Given records Start Marker

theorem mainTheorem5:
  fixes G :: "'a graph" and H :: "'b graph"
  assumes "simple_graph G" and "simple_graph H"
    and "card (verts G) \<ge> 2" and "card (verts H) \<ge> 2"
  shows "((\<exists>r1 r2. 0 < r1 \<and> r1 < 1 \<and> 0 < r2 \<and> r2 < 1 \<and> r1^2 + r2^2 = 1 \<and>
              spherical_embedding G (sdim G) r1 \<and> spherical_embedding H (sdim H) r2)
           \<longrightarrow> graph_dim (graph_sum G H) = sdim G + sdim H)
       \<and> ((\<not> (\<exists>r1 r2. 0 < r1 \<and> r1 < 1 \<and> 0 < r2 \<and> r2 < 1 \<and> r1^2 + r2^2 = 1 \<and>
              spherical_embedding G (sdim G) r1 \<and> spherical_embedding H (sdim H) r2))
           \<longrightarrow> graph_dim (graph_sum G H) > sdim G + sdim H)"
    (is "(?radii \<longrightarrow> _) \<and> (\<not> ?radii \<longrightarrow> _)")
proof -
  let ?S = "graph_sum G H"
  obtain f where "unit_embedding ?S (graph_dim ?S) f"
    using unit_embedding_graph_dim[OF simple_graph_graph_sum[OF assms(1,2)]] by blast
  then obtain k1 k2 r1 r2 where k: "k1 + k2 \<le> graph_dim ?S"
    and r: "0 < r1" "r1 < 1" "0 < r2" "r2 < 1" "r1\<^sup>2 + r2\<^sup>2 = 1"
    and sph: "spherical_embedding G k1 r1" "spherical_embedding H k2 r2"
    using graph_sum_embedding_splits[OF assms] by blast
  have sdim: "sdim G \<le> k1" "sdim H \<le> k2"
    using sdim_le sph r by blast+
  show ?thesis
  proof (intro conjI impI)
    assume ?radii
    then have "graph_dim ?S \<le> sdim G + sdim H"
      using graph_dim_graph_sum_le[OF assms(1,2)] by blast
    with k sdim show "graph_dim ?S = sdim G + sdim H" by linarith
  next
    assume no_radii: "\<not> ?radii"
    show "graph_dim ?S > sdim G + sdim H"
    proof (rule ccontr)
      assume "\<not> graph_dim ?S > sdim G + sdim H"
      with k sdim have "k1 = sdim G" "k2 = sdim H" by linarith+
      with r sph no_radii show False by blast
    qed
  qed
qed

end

Given records End Marker

Your answer should consist of every record, restated exactly.

▶ **Exercise answer**:
theorem mainTheorem5:
  fixes G :: "'a graph" and H :: "'b graph"
  assumes "simple_graph G" and "simple_graph H"
    and "card (verts G) \<ge> 2" and "card (verts H) \<ge> 2"
  shows "((\<exists>r1 r2. 0 < r1 \<and> r1 < 1 \<and> 0 < r2 \<and> r2 < 1 \<and> r1^2 + r2^2 = 1 \<and>
              spherical_embedding G (sdim G) r1 \<and> spherical_embedding H (sdim H) r2)
           \<longrightarrow> graph_dim (graph_sum G H) = sdim G + sdim H)
       \<and> ((\<not> (\<exists>r1 r2. 0 < r1 \<and> r1 < 1 \<and> 0 < r2 \<and> r2 < 1 \<and> r1^2 + r2^2 = 1 \<and>
              spherical_embedding G (sdim G) r1 \<and> spherical_embedding H (sdim H) r2))
           \<longrightarrow> graph_dim (graph_sum G H) > sdim G + sdim H)"
    (is "(?radii \<longrightarrow> _) \<and> (\<not> ?radii \<longrightarrow> _)")
proof -
  let ?S = "graph_sum G H"
  obtain f where "unit_embedding ?S (graph_dim ?S) f"
    using unit_embedding_graph_dim[OF simple_graph_graph_sum[OF assms(1,2)]] by blast
  then obtain k1 k2 r1 r2 where k: "k1 + k2 \<le> graph_dim ?S"
    and r: "0 < r1" "r1 < 1" "0 < r2" "r2 < 1" "r1\<^sup>2 + r2\<^sup>2 = 1"
    and sph: "spherical_embedding G k1 r1" "spherical_embedding H k2 r2"
    using graph_sum_embedding_splits[OF assms] by blast
  have sdim: "sdim G \<le> k1" "sdim H \<le> k2"
    using sdim_le sph r by blast+
  show ?thesis
  proof (intro conjI impI)
    assume ?radii
    then have "graph_dim ?S \<le> sdim G + sdim H"
      using graph_dim_graph_sum_le[OF assms(1,2)] by blast
    with k sdim show "graph_dim ?S = sdim G + sdim H" by linarith
  next
    assume no_radii: "\<not> ?radii"
    show "graph_dim ?S > sdim G + sdim H"
    proof (rule ccontr)
      assume "\<not> graph_dim ?S > sdim G + sdim H"
      with k sdim have "k1 = sdim G" "k2 = sdim H" by linarith+
      with r sph no_radii show False by blast
    qed
  qed
qed

end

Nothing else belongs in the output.